→ Brief: Once you find the line with "U \<Longrightarrow> Q" in the entries below, return exactly every line from it through the line with "m \<in> ?S \<and>".
"""
(* Let $F$ be an ordered field, let $\mathcal{U}$ be a free ultrafilter on $\mathbb{N}$, and let ${}^\ast F=F^{\mathbb{N}}/\mathcal{U}$ be the ultrapower. Let $\langle u_n\rangle_{n\in\mathbb{N}}$ be a sequence in $F$ and let $u\in{}^\ast F$ be its equivalence class. Consider the partition $\mathbb{N}=A\sqcup B\sqcup C$ where $A=\{n\in\mathbb{N}: u_n<u\}$, $B=\{n\in\mathbb{N}: u_n=u\}$, $C=\{n\in\mathbb{N}: u_n>u\}$ (here $u_n\in F$ is regarded as an element of ${}^\ast F$). Then exactly one of the following three possibilities occurs: (1) $B\in\mathcal{U}$, and then $\langle u_n\rangle$ contains an infinite constant subsequence; (2) $A\in\mathcal{U}$, and then $\langle u_n\rangle$ contains an infinite strictly increasing subsequence; (3) $C\in\mathcal{U}$, and then $\langle u_n\rangle$ contains an infinite strictly decreasing subsequence.
   Context: A free ultrafilter $\mathcal{U}$ on $\mathbb{N}$ is an ultrafilter on $\mathbb{N}$ containing every cofinite subset of $\mathbb{N}$. The ultrapower ${}^\ast F=F^{\mathbb{N}}/\mathcal{U}$ is the set of equivalence classes $[\langle v_n\rangle]$ of sequences in $F$, where two sequences are equivalent iff $\{n: v_n=w_n\}\in\mathcal{U}$. It is ordered by $[\langle v_n\rangle]<[\langle w_n\rangle]$ iff $\{n\in\mathbb{N}: v_n<w_n\}\in\mathcal{U}$. Each $x\in F$ is identified with the class $[\langle x\rangle]$ of the constant sequence with value $x$; thus for $x\in F$, $x<[\langle w_n\rangle]$ iff $\{n: x<w_n\}\in\mathcal{U}$, and similarly for $=$ and $>$. *)

theory Defs
  imports Main
begin

definition free_ultrafilter :: "nat set set \<Rightarrow> bool" where
  "free_ultrafilter U \<longleftrightarrow>
     UNIV \<in> U \<and> {} \<notin> U \<and>
     (\<forall>X Y. X \<in> U \<and> X \<subseteq> Y \<longrightarrow> Y \<in> U) \<and>
     (\<forall>X Y. X \<in> U \<and> Y \<in> U \<longrightarrow> X \<inter> Y \<in> U) \<and>
     (\<forall>X. X \<in> U \<or> - X \<in> U) \<and>
     (\<forall>X. finite (- X) \<longrightarrow> X \<in> U)"

text \<open>Order and equality in the ultrapower F^N/U, on representative sequences.
  An element x of F is identified with the class of the constant sequence (\<lambda>_. x).\<close>
definition ustar_less :: "nat set set \<Rightarrow> (nat \<Rightarrow> 'a::linorder) \<Rightarrow> (nat \<Rightarrow> 'a) \<Rightarrow> bool" where
  "ustar_less U v w \<longleftrightarrow> {n. v n < w n} \<in> U"

definition ustar_eq :: "nat set set \<Rightarrow> (nat \<Rightarrow> 'a) \<Rightarrow> (nat \<Rightarrow> 'a) \<Rightarrow> bool" where
  "ustar_eq U v w \<longleftrightarrow> {n. v n = w n} \<in> U"

end

theory Submission
  imports Defs
begin

text \<open>For every n the sets of indices m with u n < u m, u n = u m and u m < u n
  partition the naturals, so exactly one of them lies in U; hence A, B, C partition the
  naturals, and again exactly one of them lies in U. If, say, A \<in> U, then every n \<in> A is
  followed U-almost everywhere by indices m with u n < u m, and since U contains all
  cofinite sets we can repeatedly pick a later index in A with a larger value. The same
  choice argument with the relations = and > handles B and C.\<close>

lemma free_ultrafilter_Int:
  "free_ultrafilter U \<Longrightarrow> X \<in> U \<Longrightarrow> Y \<in> U \<Longrightarrow> X \<inter> Y \<in> U"
  unfolding free_ultrafilter_def by blast

lemma free_ultrafilter_nonempty:
  "free_ultrafilter U \<Longrightarrow> X \<in> U \<Longrightarrow> X \<noteq> {}"
  unfolding free_ultrafilter_def by blast

lemma free_ultrafilter_in_or_Compl:
  "free_ultrafilter U \<Longrightarrow> X \<in> U \<or> - X \<in> U"
  unfolding free_ultrafilter_def by blast

lemma free_ultrafilter_greaterThan:
  "free_ultrafilter U \<Longrightarrow> {n<..} \<in> U"
  unfolding free_ultrafilter_def by (simp add: Compl_greaterThan)

lemma free_ultrafilter_partition3:
  assumes U: "free_ultrafilter U"
    and disjoint: "X \<inter> Y = {}" "X \<inter> Z = {}" "Y \<inter> Z = {}"
    and cover: "X \<union> Y \<union> Z = UNIV"
  shows "(X \<in> U \<and> Y \<notin> U \<and> Z \<notin> U) \<or> (Y \<in> U \<and> X \<notin> U \<and> Z \<notin> U)
    \<or> (Z \<in> U \<and> X \<notin> U \<and> Y \<notin> U)"
proof -
  have not_both: "P \<in> U \<Longrightarrow> Q \<in> U \<Longrightarrow> P \<inter> Q = {} \<Longrightarrow> False" for P Q
    using free_ultrafilter_Int free_ultrafilter_nonempty U by metis
  have "X \<in> U \<or> Y \<in> U \<or> Z \<in> U"
  proof (rule ccontr)
    assume "\<not> ?thesis"
    then have "- X \<inter> - Y \<inter> - Z \<in> U"
      using U free_ultrafilter_in_or_Compl free_ultrafilter_Int by meson
    moreover have "- X \<inter> - Y \<inter> - Z = {}"
      using cover by auto
    ultimately show False
      using U free_ultrafilter_nonempty by blast
  qed
  then show ?thesis
    using not_both disjoint by (metis inf_commute)
qed

lemma free_ultrafilter_chain:
  assumes U: "free_ultrafilter U" and "transp R"
    and S: "{n. {m. R (u n) (u m)} \<in> U} \<in> U"
  shows "\<exists>r::nat \<Rightarrow> nat. strict_mono r \<and> (\<forall>i j. i < j \<longrightarrow> R (u (r i)) (u (r j)))"
proof -
  let ?S = "{n. {m. R (u n) (u m)} \<in> U}"
  have "\<exists>r. \<forall>i. r i \<in> ?S \<and> r i < r (Suc i) \<and> R (u (r i)) (u (r (Suc i)))"
  proof (rule dependent_nat_choice)
    show "\<exists>n. n \<in> ?S"
      using free_ultrafilter_nonempty[OF U S] by blast
  next
    fix n assume "n \<in> ?S"
    then have "?S \<inter> {m. R (u n) (u m)} \<inter> {n<..} \<in> U"
      using U S free_ultrafilter_Int free_ultrafilter_greaterThan by blast
    then show "\<exists>m. m \<in> ?S \<and> n < m \<and> R (u n) (u m)"
      using free_ultrafilter_nonempty[OF U] by fastforce
  qed
  then obtain r where r: "\<And>i. r i < r (Suc i)" "\<And>i. R (u (r i)) (u (r (Suc i)))"
    by blast
  have "R (u (r i)) (u (r j))" if "i < j" for i j
    using that by (induction i j rule: less_Suc_induct) (use r(2) \<open>transp R\<close> in \<open>auto elim: transpE\<close>)
  with r(1) show ?thesis
    by (auto simp: strict_mono_Suc_iff)
qed

theorem theorem3p2:
  fixes U :: "nat set set" and u :: "nat \<Rightarrow> 'a::linordered_field"
  assumes "free_ultrafilter U"
  defines "A \<equiv> {n. ustar_less U (\<lambda>_. u n) u}"
      and "B \<equiv> {n. ustar_eq U (\<lambda>_. u n) u}"
      and "C \<equiv> {n. ustar_less U u (\<lambda>_. u n)}"
  shows "A \<inter> B = {} \<and> A \<inter> C = {} \<and> B \<inter> C = {} \<and> A \<union> B \<union> C = UNIV
    \<and> ((B \<in> U \<and> A \<notin> U \<and> C \<notin> U) \<or> (A \<in> U \<and> B \<notin> U \<and> C \<notin> U)
        \<or> (C \<in> U \<and> A \<notin> U \<and> B \<notin> U))
    \<and> (B \<in> U \<longrightarrow> (\<exists>r::nat \<Rightarrow> nat. strict_mono r \<and> (\<forall>i j. u (r i) = u (r j))))
    \<and> (A \<in> U \<longrightarrow> (\<exists>r::nat \<Rightarrow> nat. strict_mono r \<and> strict_mono (u \<circ> r)))
    \<and> (C \<in> U \<longrightarrow> (\<exists>r::nat \<Rightarrow> nat. strict_mono r \<and> (\<forall>i j. i < j \<longrightarrow> u (r j) < u (r i))))"
proof -
  have A: "A = {n. {m. u n < u m} \<in> U}" and B: "B = {n. {m. u n = u m} \<in> U}"
    and C: "C = {n. {m. u n > u m} \<in> U}"
    by (auto simp: A_def B_def C_def ustar_less_def ustar_eq_def)
  have "\<And>n. ({m. u n < u m} \<in> U \<and> {m. u n = u m} \<notin> U \<and> {m. u n > u m} \<notin> U)
      \<or> ({m. u n = u m} \<in> U \<and> {m. u n < u m} \<notin> U \<and> {m. u n > u m} \<notin> U)
      \<or> ({m. u n > u m} \<in> U \<and> {m. u n < u m} \<notin> U \<and> {m. u n = u m} \<notin> U)"
    by (rule free_ultrafilter_partition3[OF assms(1)]) auto
  then have partition: "A \<inter> B = {}" "A \<inter> C = {}" "B \<inter> C = {}" "A \<union> B \<union> C = UNIV"
    unfolding A B C by blast+
  have B_chain: "\<exists>r::nat \<Rightarrow> nat. strict_mono r \<and> (\<forall>i j. u (r i) = u (r j))" if B_in: "B \<in> U"
  proof -
    obtain r :: "nat \<Rightarrow> nat" where "strict_mono r" "\<And>i j. i < j \<Longrightarrow> u (r i) = u (r j)"
      using free_ultrafilter_chain[OF assms(1), of "(=)" u] B_in[unfolded B] by (auto intro: transpI)
    then show ?thesis
      by (metis linorder_neqE_nat)
  qed
  have A_chain: "A \<in> U \<Longrightarrow> \<exists>r::nat \<Rightarrow> nat. strict_mono r \<and> strict_mono (u \<circ> r)"
    using free_ultrafilter_chain[OF assms(1), of "(<)" u] unfolding A strict_mono_def
    by (auto intro: transpI)
  have C_chain: "C \<in> U \<Longrightarrow>
      \<exists>r::nat \<Rightarrow> nat. strict_mono r \<and> (\<forall>i j. i < j \<longrightarrow> u (r j) < u (r i))"
    using free_ultrafilter_chain[OF assms(1), of "(>)" u] unfolding C
    by (auto intro: transpI)
  have "B \<inter> A = {}" "B \<union> A \<union> C = UNIV"
    using partition by auto
  then have "(B \<in> U \<and> A \<notin> U \<and> C \<notin> U) \<or> (A \<in> U \<and> B \<notin> U \<and> C \<notin> U)
      \<or> (C \<in> U \<and> B \<notin> U \<and> A \<notin> U)"
    using free_ultrafilter_partition3[OF assms(1)] partition(2,3) by blast
  then show ?thesis
    using partition B_chain A_chain C_chain by blast
qed

end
"""
→ Result:
  have not_both: "P \<in> U \<Longrightarrow> Q \<in> U \<Longrightarrow> P \<inter> Q = {} \<Longrightarrow> False" for P Q
    using free_ultrafilter_Int free_ultrafilter_nonempty U by metis
  have "X \<in> U \<or> Y \<in> U \<or> Z \<in> U"
  proof (rule ccontr)
    assume "\<not> ?thesis"
    then have "- X \<inter> - Y \<inter> - Z \<in> U"
      using U free_ultrafilter_in_or_Compl free_ultrafilter_Int by meson
    moreover have "- X \<inter> - Y \<inter> - Z = {}"
      using cover by auto
    ultimately show False
      using U free_ultrafilter_nonempty by blast
  qed
  then show ?thesis
    using not_both disjoint by (metis inf_commute)
qed

lemma free_ultrafilter_chain:
  assumes U: "free_ultrafilter U" and "transp R"
    and S: "{n. {m. R (u n) (u m)} \<in> U} \<in> U"
  shows "\<exists>r::nat \<Rightarrow> nat. strict_mono r \<and> (\<forall>i j. i < j \<longrightarrow> R (u (r i)) (u (r j)))"
proof -
  let ?S = "{n. {m. R (u n) (u m)} \<in> U}"
  have "\<exists>r. \<forall>i. r i \<in> ?S \<and> r i < r (Suc i) \<and> R (u (r i)) (u (r (Suc i)))"
  proof (rule dependent_nat_choice)
    show "\<exists>n. n \<in> ?S"
      using free_ultrafilter_nonempty[OF U S] by blast
  next
    fix n assume "n \<in> ?S"
    then have "?S \<inter> {m. R (u n) (u m)} \<inter> {n<..} \<in> U"
      using U S free_ultrafilter_Int free_ultrafilter_greaterThan by blast
    then show "\<exists>m. m \<in> ?S \<and> n < m \<and> R (u n) (u m)"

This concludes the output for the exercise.